Problem requirements:
I need each line of the entries below that includes the string "flip".

::: Dataset content :::

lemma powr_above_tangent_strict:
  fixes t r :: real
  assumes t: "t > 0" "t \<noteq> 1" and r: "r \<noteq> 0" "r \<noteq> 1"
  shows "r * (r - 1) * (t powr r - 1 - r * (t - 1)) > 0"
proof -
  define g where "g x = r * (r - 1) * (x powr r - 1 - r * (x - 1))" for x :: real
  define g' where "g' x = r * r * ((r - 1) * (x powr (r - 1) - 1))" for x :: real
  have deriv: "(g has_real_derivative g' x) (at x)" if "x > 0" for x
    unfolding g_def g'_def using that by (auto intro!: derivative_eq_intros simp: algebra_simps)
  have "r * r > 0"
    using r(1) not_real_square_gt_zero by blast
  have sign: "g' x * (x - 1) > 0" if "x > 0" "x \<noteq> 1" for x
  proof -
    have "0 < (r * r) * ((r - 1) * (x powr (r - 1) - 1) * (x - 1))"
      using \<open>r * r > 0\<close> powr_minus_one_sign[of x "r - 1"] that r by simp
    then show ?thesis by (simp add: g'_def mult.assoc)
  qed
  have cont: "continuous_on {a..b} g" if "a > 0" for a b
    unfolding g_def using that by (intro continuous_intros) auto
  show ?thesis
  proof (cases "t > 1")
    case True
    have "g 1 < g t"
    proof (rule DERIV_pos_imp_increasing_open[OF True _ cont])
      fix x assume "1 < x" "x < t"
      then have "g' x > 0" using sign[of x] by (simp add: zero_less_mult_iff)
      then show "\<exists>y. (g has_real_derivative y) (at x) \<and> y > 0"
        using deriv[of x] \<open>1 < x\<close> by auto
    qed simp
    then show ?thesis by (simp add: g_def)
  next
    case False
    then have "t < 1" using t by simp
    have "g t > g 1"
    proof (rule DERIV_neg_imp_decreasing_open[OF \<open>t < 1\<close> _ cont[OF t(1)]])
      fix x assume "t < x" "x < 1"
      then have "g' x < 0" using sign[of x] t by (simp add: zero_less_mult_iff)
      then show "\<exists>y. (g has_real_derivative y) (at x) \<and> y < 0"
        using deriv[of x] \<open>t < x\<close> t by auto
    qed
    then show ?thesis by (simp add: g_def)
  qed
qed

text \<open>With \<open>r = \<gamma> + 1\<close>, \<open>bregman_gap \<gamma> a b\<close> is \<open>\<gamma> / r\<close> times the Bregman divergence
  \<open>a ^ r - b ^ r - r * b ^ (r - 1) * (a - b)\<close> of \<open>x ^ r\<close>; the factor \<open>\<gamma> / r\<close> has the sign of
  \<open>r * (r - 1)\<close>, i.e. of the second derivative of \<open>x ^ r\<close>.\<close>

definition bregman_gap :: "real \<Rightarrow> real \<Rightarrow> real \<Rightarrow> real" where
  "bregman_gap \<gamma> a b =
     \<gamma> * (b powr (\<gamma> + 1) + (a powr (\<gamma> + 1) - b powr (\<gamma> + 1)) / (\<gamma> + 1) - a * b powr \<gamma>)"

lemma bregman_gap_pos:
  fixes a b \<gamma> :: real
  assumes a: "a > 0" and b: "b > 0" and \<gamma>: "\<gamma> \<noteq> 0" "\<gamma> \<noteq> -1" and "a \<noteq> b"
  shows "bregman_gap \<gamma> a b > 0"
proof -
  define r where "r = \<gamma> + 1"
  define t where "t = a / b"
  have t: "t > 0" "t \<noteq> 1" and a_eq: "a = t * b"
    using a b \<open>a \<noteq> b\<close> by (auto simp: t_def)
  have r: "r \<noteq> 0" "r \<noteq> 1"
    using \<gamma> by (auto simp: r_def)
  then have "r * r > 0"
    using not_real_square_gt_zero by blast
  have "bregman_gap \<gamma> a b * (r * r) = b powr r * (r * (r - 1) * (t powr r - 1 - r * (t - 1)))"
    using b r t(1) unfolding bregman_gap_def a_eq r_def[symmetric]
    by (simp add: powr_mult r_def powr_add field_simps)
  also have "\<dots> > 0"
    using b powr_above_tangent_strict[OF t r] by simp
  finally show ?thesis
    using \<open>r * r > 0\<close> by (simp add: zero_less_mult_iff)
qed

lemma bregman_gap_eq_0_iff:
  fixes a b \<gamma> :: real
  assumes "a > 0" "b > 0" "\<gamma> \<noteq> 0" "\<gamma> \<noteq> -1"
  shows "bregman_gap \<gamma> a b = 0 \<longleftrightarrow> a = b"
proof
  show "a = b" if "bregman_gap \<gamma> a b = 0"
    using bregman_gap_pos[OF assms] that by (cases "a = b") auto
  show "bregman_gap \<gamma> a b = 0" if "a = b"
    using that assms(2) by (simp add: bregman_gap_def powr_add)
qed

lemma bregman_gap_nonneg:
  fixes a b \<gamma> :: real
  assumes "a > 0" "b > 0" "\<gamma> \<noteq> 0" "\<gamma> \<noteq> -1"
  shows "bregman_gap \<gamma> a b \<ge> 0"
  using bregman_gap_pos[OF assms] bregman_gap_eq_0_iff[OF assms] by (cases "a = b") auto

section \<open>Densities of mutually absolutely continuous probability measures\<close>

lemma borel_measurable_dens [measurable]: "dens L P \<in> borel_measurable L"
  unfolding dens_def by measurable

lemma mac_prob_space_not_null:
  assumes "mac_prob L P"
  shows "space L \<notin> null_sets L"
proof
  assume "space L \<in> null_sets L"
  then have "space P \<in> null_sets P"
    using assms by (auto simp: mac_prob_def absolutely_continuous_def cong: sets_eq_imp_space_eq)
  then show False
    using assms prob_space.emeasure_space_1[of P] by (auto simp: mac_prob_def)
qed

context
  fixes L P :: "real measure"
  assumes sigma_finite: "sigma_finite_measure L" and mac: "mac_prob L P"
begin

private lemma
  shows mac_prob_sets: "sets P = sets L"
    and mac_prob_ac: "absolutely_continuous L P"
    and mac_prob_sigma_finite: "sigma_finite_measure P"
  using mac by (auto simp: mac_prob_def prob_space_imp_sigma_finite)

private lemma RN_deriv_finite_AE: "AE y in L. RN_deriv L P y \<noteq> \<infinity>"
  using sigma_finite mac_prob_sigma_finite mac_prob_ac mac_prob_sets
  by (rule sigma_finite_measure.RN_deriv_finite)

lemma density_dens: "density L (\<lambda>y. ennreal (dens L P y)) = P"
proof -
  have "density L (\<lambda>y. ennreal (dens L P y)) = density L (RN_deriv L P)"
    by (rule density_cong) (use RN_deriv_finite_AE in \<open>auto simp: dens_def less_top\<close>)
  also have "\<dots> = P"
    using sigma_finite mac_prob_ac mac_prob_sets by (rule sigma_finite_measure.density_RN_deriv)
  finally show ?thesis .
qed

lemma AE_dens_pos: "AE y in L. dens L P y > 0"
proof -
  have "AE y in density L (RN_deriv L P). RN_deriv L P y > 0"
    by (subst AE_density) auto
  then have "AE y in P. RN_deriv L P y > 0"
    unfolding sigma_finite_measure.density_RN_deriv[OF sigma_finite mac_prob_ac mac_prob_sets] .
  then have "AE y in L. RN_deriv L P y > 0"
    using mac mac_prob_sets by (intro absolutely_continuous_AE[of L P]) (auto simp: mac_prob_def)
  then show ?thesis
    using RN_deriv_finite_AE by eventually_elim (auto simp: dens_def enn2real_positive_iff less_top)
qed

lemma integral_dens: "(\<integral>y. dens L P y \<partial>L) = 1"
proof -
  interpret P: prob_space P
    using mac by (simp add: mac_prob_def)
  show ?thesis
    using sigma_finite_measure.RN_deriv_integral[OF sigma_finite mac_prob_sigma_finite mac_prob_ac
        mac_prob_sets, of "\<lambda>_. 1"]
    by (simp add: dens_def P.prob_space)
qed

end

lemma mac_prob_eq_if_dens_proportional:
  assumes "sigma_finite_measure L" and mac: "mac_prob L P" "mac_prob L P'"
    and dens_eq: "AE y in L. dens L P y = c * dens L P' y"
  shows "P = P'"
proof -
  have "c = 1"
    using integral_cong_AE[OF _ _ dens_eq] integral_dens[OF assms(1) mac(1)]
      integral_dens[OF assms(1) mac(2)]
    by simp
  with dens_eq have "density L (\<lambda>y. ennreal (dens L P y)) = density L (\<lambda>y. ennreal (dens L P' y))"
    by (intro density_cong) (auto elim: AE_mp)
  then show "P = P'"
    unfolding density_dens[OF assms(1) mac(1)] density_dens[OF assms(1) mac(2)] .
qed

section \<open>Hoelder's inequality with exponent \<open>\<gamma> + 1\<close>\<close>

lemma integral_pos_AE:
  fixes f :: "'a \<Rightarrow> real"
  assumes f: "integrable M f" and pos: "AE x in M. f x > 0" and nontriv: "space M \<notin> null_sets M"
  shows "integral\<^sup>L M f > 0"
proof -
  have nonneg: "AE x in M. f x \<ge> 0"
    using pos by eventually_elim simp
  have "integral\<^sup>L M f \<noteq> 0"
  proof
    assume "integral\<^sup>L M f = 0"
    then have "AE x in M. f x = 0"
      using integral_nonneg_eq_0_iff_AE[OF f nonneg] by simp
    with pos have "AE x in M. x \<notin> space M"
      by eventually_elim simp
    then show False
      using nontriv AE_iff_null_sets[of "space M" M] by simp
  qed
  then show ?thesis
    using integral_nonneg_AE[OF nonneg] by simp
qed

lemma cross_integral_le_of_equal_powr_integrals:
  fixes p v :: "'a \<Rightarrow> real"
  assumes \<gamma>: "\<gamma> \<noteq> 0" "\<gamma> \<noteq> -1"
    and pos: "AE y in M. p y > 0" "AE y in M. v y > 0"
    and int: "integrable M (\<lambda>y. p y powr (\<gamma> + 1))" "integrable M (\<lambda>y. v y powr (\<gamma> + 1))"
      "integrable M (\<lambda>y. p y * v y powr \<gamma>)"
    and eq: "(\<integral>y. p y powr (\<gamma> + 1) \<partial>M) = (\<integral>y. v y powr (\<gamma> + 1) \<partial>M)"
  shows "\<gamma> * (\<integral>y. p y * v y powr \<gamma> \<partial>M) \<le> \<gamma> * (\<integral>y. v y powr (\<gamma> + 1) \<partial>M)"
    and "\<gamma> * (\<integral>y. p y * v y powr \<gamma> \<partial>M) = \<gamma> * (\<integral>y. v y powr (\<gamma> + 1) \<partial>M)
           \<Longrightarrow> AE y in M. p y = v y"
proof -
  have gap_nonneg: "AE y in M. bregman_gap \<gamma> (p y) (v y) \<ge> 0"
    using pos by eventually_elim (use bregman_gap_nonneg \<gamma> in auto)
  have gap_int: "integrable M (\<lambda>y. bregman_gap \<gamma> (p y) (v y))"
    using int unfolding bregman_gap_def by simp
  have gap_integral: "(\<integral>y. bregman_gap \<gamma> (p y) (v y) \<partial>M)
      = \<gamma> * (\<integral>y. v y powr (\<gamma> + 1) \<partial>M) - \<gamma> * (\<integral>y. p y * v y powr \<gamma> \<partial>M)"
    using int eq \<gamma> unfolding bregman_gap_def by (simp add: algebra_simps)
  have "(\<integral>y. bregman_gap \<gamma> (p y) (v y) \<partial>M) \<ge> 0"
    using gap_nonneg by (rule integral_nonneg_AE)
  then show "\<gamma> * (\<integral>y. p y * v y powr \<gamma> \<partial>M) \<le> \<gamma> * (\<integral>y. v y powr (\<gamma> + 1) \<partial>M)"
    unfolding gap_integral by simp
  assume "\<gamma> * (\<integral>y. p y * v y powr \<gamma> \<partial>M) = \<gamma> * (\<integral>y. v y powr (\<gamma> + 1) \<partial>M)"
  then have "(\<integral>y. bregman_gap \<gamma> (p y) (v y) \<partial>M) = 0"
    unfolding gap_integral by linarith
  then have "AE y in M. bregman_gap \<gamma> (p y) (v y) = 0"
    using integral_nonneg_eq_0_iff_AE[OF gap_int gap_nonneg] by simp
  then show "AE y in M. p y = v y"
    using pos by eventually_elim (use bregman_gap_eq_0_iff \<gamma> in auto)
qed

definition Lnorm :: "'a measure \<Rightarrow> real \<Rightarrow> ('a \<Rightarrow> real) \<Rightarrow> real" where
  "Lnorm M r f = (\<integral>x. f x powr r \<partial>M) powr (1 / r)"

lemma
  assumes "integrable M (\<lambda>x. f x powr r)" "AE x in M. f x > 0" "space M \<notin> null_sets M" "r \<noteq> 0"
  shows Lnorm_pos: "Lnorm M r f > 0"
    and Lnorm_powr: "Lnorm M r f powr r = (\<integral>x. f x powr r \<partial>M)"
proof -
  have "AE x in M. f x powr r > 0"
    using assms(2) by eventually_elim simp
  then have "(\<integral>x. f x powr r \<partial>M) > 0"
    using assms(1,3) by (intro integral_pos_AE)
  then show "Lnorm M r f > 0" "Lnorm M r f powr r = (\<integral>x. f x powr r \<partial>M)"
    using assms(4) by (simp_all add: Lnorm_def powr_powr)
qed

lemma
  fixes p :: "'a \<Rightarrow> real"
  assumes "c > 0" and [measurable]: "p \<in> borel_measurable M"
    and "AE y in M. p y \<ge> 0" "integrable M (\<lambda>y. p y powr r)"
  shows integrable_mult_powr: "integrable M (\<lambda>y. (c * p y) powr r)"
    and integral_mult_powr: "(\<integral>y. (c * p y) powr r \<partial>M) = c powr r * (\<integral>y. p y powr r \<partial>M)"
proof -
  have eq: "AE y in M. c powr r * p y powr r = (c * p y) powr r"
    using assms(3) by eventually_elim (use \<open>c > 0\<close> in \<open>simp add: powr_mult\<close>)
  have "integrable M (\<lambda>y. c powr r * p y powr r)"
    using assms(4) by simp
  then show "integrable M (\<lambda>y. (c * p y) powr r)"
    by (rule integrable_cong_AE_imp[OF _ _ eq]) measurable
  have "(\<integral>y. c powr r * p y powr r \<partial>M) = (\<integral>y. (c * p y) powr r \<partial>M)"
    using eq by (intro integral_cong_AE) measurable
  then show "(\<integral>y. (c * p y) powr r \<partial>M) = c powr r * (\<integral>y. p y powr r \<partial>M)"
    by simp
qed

:::
::: Dataset content :::

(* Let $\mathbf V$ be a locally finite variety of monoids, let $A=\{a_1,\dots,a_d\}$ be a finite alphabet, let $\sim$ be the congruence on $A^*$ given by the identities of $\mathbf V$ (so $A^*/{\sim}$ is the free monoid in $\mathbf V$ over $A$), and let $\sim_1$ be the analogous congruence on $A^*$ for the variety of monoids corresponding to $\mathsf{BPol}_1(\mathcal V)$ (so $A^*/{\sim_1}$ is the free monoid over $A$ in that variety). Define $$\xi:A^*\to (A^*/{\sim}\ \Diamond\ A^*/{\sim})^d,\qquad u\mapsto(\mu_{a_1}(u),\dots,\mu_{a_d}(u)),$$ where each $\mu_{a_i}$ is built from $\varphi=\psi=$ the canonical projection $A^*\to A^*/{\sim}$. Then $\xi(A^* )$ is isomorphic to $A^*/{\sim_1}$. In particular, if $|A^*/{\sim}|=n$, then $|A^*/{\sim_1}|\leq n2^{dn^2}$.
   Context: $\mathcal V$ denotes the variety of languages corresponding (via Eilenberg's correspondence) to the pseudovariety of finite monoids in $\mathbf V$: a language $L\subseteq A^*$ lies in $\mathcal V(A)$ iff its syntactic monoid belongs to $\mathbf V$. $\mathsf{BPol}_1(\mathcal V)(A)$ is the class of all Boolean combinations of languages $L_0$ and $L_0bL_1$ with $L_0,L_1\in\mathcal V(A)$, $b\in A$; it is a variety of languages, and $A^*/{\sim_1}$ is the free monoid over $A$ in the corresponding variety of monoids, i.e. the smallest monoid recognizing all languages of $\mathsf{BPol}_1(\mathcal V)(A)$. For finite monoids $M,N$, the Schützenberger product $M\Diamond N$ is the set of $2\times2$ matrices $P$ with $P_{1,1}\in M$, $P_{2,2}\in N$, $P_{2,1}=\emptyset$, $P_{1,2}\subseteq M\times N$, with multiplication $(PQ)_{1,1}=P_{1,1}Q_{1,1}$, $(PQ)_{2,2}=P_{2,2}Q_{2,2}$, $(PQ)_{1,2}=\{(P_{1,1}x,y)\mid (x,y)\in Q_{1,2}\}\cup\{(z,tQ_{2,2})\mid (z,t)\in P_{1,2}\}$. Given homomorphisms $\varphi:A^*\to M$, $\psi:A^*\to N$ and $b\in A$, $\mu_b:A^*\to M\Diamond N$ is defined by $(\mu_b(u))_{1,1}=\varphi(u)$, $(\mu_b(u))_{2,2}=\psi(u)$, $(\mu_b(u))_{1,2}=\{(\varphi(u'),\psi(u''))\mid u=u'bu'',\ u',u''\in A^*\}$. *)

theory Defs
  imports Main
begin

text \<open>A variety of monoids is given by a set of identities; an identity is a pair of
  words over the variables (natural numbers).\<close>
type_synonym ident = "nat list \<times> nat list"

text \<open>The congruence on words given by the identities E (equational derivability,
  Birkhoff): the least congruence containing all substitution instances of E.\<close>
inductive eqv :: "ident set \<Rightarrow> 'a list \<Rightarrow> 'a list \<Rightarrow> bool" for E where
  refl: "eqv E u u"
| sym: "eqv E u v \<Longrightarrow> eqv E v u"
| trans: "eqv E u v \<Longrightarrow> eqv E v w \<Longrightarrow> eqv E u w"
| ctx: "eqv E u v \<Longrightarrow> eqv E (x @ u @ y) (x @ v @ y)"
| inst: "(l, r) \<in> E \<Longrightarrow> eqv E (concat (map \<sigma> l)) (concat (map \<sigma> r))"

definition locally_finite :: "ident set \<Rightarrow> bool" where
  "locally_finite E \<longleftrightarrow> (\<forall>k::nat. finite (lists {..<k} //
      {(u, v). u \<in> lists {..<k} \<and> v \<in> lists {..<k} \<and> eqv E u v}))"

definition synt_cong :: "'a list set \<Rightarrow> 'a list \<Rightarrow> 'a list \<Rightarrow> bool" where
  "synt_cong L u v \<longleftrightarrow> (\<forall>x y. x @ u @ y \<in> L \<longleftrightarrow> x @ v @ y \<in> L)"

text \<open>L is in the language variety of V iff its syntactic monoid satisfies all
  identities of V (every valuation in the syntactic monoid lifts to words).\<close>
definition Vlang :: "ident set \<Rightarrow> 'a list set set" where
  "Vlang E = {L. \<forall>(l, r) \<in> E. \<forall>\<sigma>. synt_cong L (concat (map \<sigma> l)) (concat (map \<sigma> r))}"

:::
::: Dataset content :::

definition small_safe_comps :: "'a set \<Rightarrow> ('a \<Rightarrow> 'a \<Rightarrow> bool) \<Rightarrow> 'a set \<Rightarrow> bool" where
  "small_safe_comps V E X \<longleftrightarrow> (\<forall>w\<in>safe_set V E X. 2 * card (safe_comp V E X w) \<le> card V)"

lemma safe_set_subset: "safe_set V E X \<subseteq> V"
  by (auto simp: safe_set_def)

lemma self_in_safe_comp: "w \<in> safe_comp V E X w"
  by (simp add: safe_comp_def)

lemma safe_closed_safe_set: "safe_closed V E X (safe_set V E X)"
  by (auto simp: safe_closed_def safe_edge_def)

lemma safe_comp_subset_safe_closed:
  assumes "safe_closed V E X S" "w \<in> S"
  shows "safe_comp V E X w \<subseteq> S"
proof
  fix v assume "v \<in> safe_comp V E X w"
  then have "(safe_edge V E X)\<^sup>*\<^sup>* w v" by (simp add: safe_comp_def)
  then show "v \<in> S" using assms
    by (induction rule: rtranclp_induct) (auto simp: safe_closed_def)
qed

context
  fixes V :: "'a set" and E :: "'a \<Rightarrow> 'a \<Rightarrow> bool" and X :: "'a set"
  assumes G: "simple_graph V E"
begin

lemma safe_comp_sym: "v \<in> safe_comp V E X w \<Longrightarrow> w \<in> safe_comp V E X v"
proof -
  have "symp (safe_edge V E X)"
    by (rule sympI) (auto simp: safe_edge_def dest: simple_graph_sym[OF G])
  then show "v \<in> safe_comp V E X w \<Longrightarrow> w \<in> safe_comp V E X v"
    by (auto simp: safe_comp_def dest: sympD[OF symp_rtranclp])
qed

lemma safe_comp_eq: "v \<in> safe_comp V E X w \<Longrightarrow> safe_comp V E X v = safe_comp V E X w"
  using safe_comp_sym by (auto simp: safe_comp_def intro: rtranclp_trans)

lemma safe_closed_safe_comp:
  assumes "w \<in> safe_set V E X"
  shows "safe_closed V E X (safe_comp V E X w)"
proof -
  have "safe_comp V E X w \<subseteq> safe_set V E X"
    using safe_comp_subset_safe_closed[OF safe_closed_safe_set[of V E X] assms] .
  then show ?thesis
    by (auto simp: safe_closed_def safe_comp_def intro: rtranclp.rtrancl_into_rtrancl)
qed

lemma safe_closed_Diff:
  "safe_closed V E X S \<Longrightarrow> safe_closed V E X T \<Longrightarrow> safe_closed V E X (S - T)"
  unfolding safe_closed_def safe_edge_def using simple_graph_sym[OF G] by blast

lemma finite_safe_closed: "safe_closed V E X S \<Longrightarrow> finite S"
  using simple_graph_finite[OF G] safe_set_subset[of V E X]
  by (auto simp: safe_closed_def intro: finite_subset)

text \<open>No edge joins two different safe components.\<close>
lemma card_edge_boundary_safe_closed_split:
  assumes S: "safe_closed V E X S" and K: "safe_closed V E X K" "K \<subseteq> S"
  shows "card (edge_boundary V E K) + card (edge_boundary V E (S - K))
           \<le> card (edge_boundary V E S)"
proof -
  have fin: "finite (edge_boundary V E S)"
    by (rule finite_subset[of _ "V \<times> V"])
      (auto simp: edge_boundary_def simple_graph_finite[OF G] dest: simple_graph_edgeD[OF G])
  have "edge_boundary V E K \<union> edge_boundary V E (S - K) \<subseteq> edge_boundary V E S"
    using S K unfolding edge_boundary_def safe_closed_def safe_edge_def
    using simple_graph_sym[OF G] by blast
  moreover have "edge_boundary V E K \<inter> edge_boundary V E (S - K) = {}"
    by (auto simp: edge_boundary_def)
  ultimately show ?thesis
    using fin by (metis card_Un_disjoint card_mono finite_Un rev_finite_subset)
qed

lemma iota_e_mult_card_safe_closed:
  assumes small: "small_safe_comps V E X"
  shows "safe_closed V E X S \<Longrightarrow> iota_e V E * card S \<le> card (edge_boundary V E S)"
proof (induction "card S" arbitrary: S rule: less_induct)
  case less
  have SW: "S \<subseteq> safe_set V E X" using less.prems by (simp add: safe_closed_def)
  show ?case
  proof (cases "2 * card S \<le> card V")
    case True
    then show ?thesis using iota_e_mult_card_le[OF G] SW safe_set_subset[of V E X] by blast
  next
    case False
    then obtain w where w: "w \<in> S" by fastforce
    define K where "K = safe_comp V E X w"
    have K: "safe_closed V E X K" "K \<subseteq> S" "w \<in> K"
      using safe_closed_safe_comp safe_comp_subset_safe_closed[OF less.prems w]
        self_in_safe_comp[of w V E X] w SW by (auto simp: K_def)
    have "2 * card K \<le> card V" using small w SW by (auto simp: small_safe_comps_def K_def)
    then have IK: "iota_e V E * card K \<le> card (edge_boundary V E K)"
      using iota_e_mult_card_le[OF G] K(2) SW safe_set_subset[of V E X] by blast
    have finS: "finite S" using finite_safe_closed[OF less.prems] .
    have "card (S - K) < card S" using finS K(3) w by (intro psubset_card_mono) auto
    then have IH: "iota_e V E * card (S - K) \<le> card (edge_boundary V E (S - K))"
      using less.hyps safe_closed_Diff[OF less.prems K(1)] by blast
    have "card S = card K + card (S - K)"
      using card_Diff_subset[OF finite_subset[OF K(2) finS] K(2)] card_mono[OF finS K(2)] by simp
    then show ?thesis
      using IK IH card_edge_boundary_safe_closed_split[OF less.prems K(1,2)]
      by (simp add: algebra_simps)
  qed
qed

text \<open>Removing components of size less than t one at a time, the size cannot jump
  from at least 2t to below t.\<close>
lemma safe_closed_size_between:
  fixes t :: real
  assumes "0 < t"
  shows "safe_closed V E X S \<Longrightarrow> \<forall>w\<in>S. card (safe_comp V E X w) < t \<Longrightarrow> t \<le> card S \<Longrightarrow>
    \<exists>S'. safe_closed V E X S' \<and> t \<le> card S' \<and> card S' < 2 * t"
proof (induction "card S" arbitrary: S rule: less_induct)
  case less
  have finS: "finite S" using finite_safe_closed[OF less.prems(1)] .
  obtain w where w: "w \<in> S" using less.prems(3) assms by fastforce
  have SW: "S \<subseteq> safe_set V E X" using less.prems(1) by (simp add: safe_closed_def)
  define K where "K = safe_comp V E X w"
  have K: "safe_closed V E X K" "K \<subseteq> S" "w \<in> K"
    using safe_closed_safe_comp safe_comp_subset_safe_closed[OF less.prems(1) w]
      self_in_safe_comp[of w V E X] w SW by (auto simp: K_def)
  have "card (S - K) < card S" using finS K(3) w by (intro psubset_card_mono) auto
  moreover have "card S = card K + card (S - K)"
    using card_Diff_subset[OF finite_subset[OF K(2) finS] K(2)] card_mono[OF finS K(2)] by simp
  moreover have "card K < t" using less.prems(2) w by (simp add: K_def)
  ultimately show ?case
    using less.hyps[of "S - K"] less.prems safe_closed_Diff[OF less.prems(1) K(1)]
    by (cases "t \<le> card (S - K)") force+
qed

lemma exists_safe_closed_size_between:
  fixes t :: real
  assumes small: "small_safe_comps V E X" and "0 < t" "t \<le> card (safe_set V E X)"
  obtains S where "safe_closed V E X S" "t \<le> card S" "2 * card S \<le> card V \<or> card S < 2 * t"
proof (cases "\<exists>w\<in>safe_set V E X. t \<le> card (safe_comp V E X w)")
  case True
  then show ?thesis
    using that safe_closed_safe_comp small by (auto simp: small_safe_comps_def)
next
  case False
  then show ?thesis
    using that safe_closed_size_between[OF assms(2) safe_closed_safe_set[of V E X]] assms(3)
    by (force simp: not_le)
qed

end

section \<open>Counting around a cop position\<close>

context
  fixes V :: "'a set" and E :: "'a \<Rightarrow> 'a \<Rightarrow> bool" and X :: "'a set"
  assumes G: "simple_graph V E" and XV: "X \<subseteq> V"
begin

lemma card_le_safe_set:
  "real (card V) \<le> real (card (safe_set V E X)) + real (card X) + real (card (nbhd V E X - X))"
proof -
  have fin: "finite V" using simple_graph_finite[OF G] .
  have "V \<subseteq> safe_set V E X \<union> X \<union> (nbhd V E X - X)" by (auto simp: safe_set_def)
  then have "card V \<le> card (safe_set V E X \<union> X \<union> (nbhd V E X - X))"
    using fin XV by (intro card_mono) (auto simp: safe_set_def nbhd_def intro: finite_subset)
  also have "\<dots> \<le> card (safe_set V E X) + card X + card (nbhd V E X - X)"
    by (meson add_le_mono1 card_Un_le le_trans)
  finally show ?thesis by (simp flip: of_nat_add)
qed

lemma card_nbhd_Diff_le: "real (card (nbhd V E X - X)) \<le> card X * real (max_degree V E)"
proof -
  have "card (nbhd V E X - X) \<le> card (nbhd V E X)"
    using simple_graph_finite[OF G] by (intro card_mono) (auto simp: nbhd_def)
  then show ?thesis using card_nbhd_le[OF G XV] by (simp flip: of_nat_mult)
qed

:::

Answer section:
  finally show ?thesis by (simp flip: of_nat_add)
  then show ?thesis using card_nbhd_le[OF G XV] by (simp flip: of_nat_mult)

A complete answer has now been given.